HUYA Development Compounds
HUYA Bioscience International identifies a select subset of promising early stage compounds from its product portfolio and positions them for development in markets worldwide. HUYA seeks opportunities in therapeutic areas with significant market potential and unmet medical need, where the compound has a competitive advantage, strong patent position worldwide, and a clear clinical development path.
HUYA performs preliminary diligence on many drug candidates to find the most promising opportunities that would benefit from added value. The company is currently working with a number of compounds including the next generation oncology drug HBI-8000, the novel anti-arrhythmic HBI-3000, and the small molecule with regenerative properties for myocardial infarction HBI-3802.
The novel epigenetic drug, HBI-8000, is a member of the benzamide class of histone deacetylase inhibitors (HDACIs), working by controlling how tightly DNA is wound around histone proteins, which regulate gene expression. This alters the expression of several proteins involved in processes that arrest the growth of cancer cells, increase tumor immunity and change the tumor microenvironment. Evidence suggests that this mechanism increases the efficacy of other cancer agents such as checkpoint inhibitors.
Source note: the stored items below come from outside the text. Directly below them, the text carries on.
lemma b_coeff_recurrence_Suc:
  assumes "s \<le> n"
  shows "(n + 3) * b_coeff (n + 2) (Suc s) + n * b_coeff n (Suc s)
       = (2*n + 3) * (b_coeff (n + 1) (Suc s) + 2 * b_coeff (n + 1) s)"
proof -
  obtain d where n: "n = s + d"
    using assms le_Suc_ex by blast
  define Y U V W where "Y = real (b_coeff (n + 2) (Suc s))" and "U = real (b_coeff (n + 1) (Suc s))"
    and "V = real (b_coeff n (Suc s))" and "W = real (b_coeff (n + 1) s)"
  have R1: "(real d + 1) * Y = (2 * real s + real d + 3) * U"
    using arg_cong[OF b_coeff_Suc_index[of "n + 1" "Suc s"], of real]
    by (simp add: n Y_def U_def algebra_simps)
  have R2: "real d * U = (2 * real s + real d + 2) * V"
    using arg_cong[OF b_coeff_Suc_index[of n "Suc s"], of real]
    by (simp add: n U_def V_def algebra_simps)
  have R3: "(real s + 1) * (real s + 2) * U = (2 * real s + real d + 2) * (real d + 1) * W"
    using arg_cong[OF b_coeff_Suc_exponent[of s "n + 1"], of real]
    by (simp add: n U_def W_def algebra_simps)
  have "(real d + 1) * (2 * real s + real d + 2) * ((real s + real d + 3) * Y + (real s + real d) * V)
      = (real d + 1) * (2 * real s + real d + 2) * ((2 * real s + 2 * real d + 3) * (U + 2 * W))"
    using R1 R2 R3 by algebra
  then have "(real s + real d + 3) * Y + (real s + real d) * V = (2 * real s + 2 * real d + 3) * (U + 2 * W)"
    by (simp add: add_pos_pos)
  then show ?thesis
    unfolding Y_def U_def V_def W_def of_nat_eq_iff[symmetric, where 'a=real] by (simp add: n algebra_simps)
qed

lemma b_coeff_recurrence:
  "(n + 3) * b_coeff (n + 2) k + n * b_coeff n k
     = (2*n + 3) * (b_coeff (n + 1) k + (case k of 0 \<Rightarrow> 0 | Suc s \<Rightarrow> 2 * b_coeff (n + 1) s))"
proof (cases k)
  case 0
  then show ?thesis by simp
next
  case (Suc s)
  consider "s \<le> n" | "s = n + 1" | "n + 1 < s"
    by linarith
  then show ?thesis
  proof cases
    case 1
    then show ?thesis using Suc b_coeff_recurrence_Suc by simp
  next
    case 2
    then have "b_coeff (n + 2) k = catalan (n + 2)" "b_coeff (n + 1) s = catalan (n + 1)"
      using Suc by (simp_all add: b_coeff_def mult_2)
    then show ?thesis
      using Suc 2 catalan_Suc[of "n + 1"] by (simp add: b_coeff_eq_0 algebra_simps)
  next
    case 3
    then show ?thesis using Suc by (simp add: b_coeff_eq_0)
  qed
qed

definition b_poly :: "nat \<Rightarrow> 'a::comm_semiring_1 poly" where
  "b_poly K = (\<Sum>k\<le>K. monom (of_nat (b_coeff K k)) k)"

lemma coeff_b_poly: "coeff (b_poly K) k = of_nat (b_coeff K k)"
  by (auto simp: b_poly_def coeff_sum coeff_monom b_coeff_eq_0)

lemma poly_b_poly: "poly (b_poly K) z = bK K z"
  unfolding b_poly_def bK_def atLeast0AtMost poly_sum poly_monom
proof (rule sum.cong)
  fix k assume "k \<in> {..K}"
  then have "(K + k) choose (K - k) = (K + k) choose (2*k)"
    using binomial_symmetric[of "2*k" "K + k"] by simp
  then show "of_nat (b_coeff K k) * z ^ k = of_nat (catalan k) * of_nat ((K + k) choose (K - k)) * z ^ k"
    by (simp add: b_coeff_def)
qed simp

lemma b_poly_Suc: "b_poly (Suc K) = b_poly K + pCons 0 (\<Sum>l\<le>K. b_poly l * b_poly (K - l))"
proof (rule poly_eqI)
  fix k
  show "coeff (b_poly (Suc K)) k = coeff (b_poly K + pCons 0 (\<Sum>l\<le>K. b_poly l * b_poly (K - l))) k"
    by (cases k) (simp_all add: coeff_b_poly coeff_sum coeff_mult b_coeff_Suc_Suc atLeast0AtMost)
qed

lemma b_poly_recurrence:
  "smult (of_nat (n + 3)) (b_poly (n + 2) :: 'a::comm_semiring_1 poly) + smult (of_nat n) (b_poly n)
     = smult (of_nat (2*n + 3)) (b_poly (n + 1) + smult 2 (pCons 0 (b_poly (n + 1))))"
  (is "?L = ?R")
proof (rule poly_eqI)
  fix k
  have "coeff ?L k = of_nat ((n + 3) * b_coeff (n + 2) k + n * b_coeff n k)"
    by (simp add: coeff_b_poly)
  also have "\<dots> = of_nat ((2*n + 3) * (b_coeff (n + 1) k
      + (case k of 0 \<Rightarrow> 0 | Suc s \<Rightarrow> 2 * b_coeff (n + 1) s)))"
    by (simp only: b_coeff_recurrence)
  also have "\<dots> = coeff ?R k"
    by (cases k) (simp_all add: coeff_b_poly coeff_pCons)
  finally show "coeff ?L k = coeff ?R k" .
qed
HUYA Bioscience International is developing HBI-8000, the first approved, oral class I selective HDACI. The company was the first to leverage the Tripartite Agreement between China, Japan and South Korea, which allowed Chinese clinical data to be leveraged in the other two countries. Based on clinical results, the Japanese Pharmaceutical and Medical Devices Agency (PMDA) allowed accelerated development of this drug in lymphoma. Currently, HUYA has two ongoing registration clinical studies in Japan, investigating the use of HBI-8000 in peripheral T-cell lymphoma (PTCL), for which the PMDA granted orphan drug status, and adult T-cell lymphoma (ATL). HUYA has partnered with Eisai to commercialize HBI-8000 in Japan, South Korea and six other Asian countries.
Due to its immunomodulatory properties, HUYA is conducting a Phase II trial of HBI-8000 in the US, investigating efficacy and safety in combination with nivolumab for the treatment of solid tumors. HUYA will pursue pivotal trials for HBI-8000 in combination with checkpoint inhibitors and other anti-cancer therapeutics with the aim of meeting unmet medical needs in oncology.
HBI-3000 is a multi-ion channel blocker in development for the treatment of cardiac arrhythmias. Anti-arrhythmic drugs are used to treat patients with atrial fibrillation (AF), a serious condition that affects more than 3.5 million patients in the US and 30 million patients worldwide. There is a significant need for safer and more effective pharmacological interventions to treat AF, as current treatments have poor safety and efficacy profiles and the alternative, electrical cardioversion, has poor patient acceptance and requires patient sedation.
HBI-3000 has a unique ion channel profile (Ito, fast and slow Na, IKr and L-Ca) and does not pose a pro-arrhythmic risk in preclinical models. The drug’s preclinical pharmacology also supports the potential of HBI-3000 to restore sinus rhythm in AF. This profile makes HBI-3000 a promising antiarrhythmic candidate for clinical development.
A Phase I study of HBI-3000 is underway in the UK. The first subjects were dosed in a randomized, double-blind, placebo-controlled, serial cohort, dose escalation study. A Phase II dose escalation study of this compound in acute AF is planned.
HBI-3802 is a small molecule with unique preclinical activity in regenerating cardiac muscle cells, or cardiomyocytes, damaged by ischemia. Coronary artery disease is the leading cause of death in the US and many other countries. Treatment of patients after a myocardial infarction, or heart attack, currently involves drugs to improve blood flow. However, no therapy in current development appears to offer improved heart function to a clinically significant extent.
In animal models of myocardial infarction, HBI-3802 stimulates stem cell differentiation into functional cardiomyocytes, replacing and remodeling dead myocardium with new functional tissue. This potentially revolutionary agent has several promising uses, including treatment of the consequences of myocardial infarction, improving global heart function and preventing chronic heart failure.